Early feeding is the next key step in acute pancreatitis. Feeding must commence when fluid resuscitation is complete. Any feed is good as long as the patient tolerates it. We have never used formula feeds more than a day. It is easier for our patients to tolerate easily digestible home made foods and allows them to scale up as they feel better. Our feed time is usually within the first 48 hours and we usually discharge patients on day 4, once the necrosis evaluation is complete.

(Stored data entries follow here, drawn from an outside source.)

(* Let $U\subset\mathbb{R}^{n+1}$ be a bounded open convex domain with $C^3$ boundary of positive normal curvatures, $o\in U$ the origin, $\omega$ the radial function of $\partial U$, $c=\max_{u\in\mathbb{S}^n}\frac{\omega(u)}{\omega(-u)}$, and let $\Phi:\mathbb{S}^n\times\mathbb{R}_{\ge0}\to U$, $\Phi(u,s)=\tanh(s)\,\omega(u)\,u$. Put $d_1=-\frac12\ln\big[\frac12(1+\frac1c)\big]$ and $d_2=-\frac12\ln\big[\frac12(1+c)\big]$. Then for every $d\ge d_1$ there is $\rho_0$ such that $B_\rho^{n+1}\subseteq\Phi(\mathbb{S}^n\times[0,\rho+d])$ for all $\rho\ge\rho_0$, and for every $d\le d_2$ there is $\rho_0$ such that $\Phi(\mathbb{S}^n\times[0,\rho+d])\subseteq B_\rho^{n+1}$ for all $\rho\ge\rho_0$. In particular, for $\rho$ large, $\mathbf{Vol}(\Phi(\mathbb{S}^n\times[0,\rho+d_2]))\le\mathbf{Vol}(B_\rho^{n+1})\le\mathbf{Vol}(\Phi(\mathbb{S}^n\times[0,\rho+d_1]))$; if $U$ is centrally symmetric about $o$ then $d_1=d_2=0$.
   Context: $B_\rho^{n+1}$ is the closed metric ball of radius $\rho$ centered at $o$ for the Hilbert distance $d_U(p,q)=\frac12\ln\big(\frac{\|q-q_1\|}{\|q-p_1\|}\cdot\frac{\|p-p_1\|}{\|p-q_1\|}\big)$, where $p_1,q_1$ are the intersection points with $\partial U$ of the half-lines $p+\mathbb{R}_{-}(q-p)$, $p+\mathbb{R}_{+}(q-p)$. The radial function $\omega:\mathbb{S}^n\to\mathbb{R}_+$ is such that $u\mapsto\omega(u)u$ parametrizes $\partial U$. $\mathbf{Vol}$ is the Busemann–Hausdorff volume of $(U,F_U)$, i.e. $\int\sigma(p)\,dp$ with $\sigma(p)=\mathbf{Vol}_E(\mathbb{B}^{n+1})/\mathbf{Vol}_E(\{v:F_U(p,v)<1\})$, $F_U(p,v)=\frac12\|v\|\big(\frac1{\|p-p_-\|}+\frac1{\|p-p_+\|}\big)$, $p_\mp$ the intersection points of $p+\mathbb{R}_\mp v$ with $\partial U$. *)

theory Defs
  imports "HOL-Analysis.Analysis"
begin

text \<open>Bounded open convex domain U with C^3 boundary of positive normal curvatures:
  there is an open neighbourhood N of the boundary and a C^3 defining function f on N
  (gradient G, Hessian H, third derivative T continuous), U \<inter> N = {f < 0}, f = 0 and
  G \<noteq> 0 on the boundary, and the Hessian is positive definite on tangent vectors
  (the second fundamental form w.r.t. the outer normal G/|G| is positive definite).\<close>
definition C3_pos_curv_boundary :: "'a::euclidean_space set \<Rightarrow> bool" where
  "C3_pos_curv_boundary U \<longleftrightarrow>
     (\<exists>N (f::'a \<Rightarrow> real) (G::'a \<Rightarrow> 'a) (H::'a \<Rightarrow> ('a \<Rightarrow>\<^sub>L 'a))
        (T::'a \<Rightarrow> ('a \<Rightarrow>\<^sub>L ('a \<Rightarrow>\<^sub>L 'a))).
        open N \<and> frontier U \<subseteq> N \<and>
        (\<forall>x\<in>N. (f has_derivative (\<lambda>v. G x \<bullet> v)) (at x)) \<and>
        (\<forall>x\<in>N. (G has_derivative blinfun_apply (H x)) (at x)) \<and>
        (\<forall>x\<in>N. (H has_derivative blinfun_apply (T x)) (at x)) \<and>
        continuous_on N T \<and>
        (\<forall>x\<in>N. x \<in> U \<longleftrightarrow> f x < 0) \<and>
        (\<forall>x\<in>frontier U. f x = 0 \<and> G x \<noteq> 0) \<and>
        (\<forall>x\<in>frontier U. \<forall>v. v \<noteq> 0 \<and> G x \<bullet> v = 0 \<longrightarrow> blinfun_apply (H x) v \<bullet> v > 0))"

text \<open>Parameter t > 0 with p + t v on the boundary of U (unique for p in a bounded open
  convex U and v \<noteq> 0).\<close>
definition exit_param :: "'a::euclidean_space set \<Rightarrow> 'a \<Rightarrow> 'a \<Rightarrow> real" where
  "exit_param U p v = (THE t. t > 0 \<and> p + t *\<^sub>R v \<in> frontier U)"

There are 2 peaks that are noted in deaths from acute pancreatitis. The first peak is in the first week after diagnosis, estimated to be roughly 30% and the second peak is in the 4th week, which again is in the 30% range. There are lots of teams presenting patients on pancreatic necrosis during clinical conferences, which surprises me. I am of the belief that if you prevent MOF by adequate resuscitation in the eraly phase, it will also mean less number of patients that have pancreatic necrosis. While the numbers will never reach zero, it will mean less burden on society.

It has been my focus in the treatment of this disease that if you get the patient out of MOF and reduce necrosis by good fluid resuscitation, the challenges of infected pancreatic necrosis and infective deaths falls into insignificance. So far, my experience with this disease tells me that I am on the right path. Only hard data will tell me better things.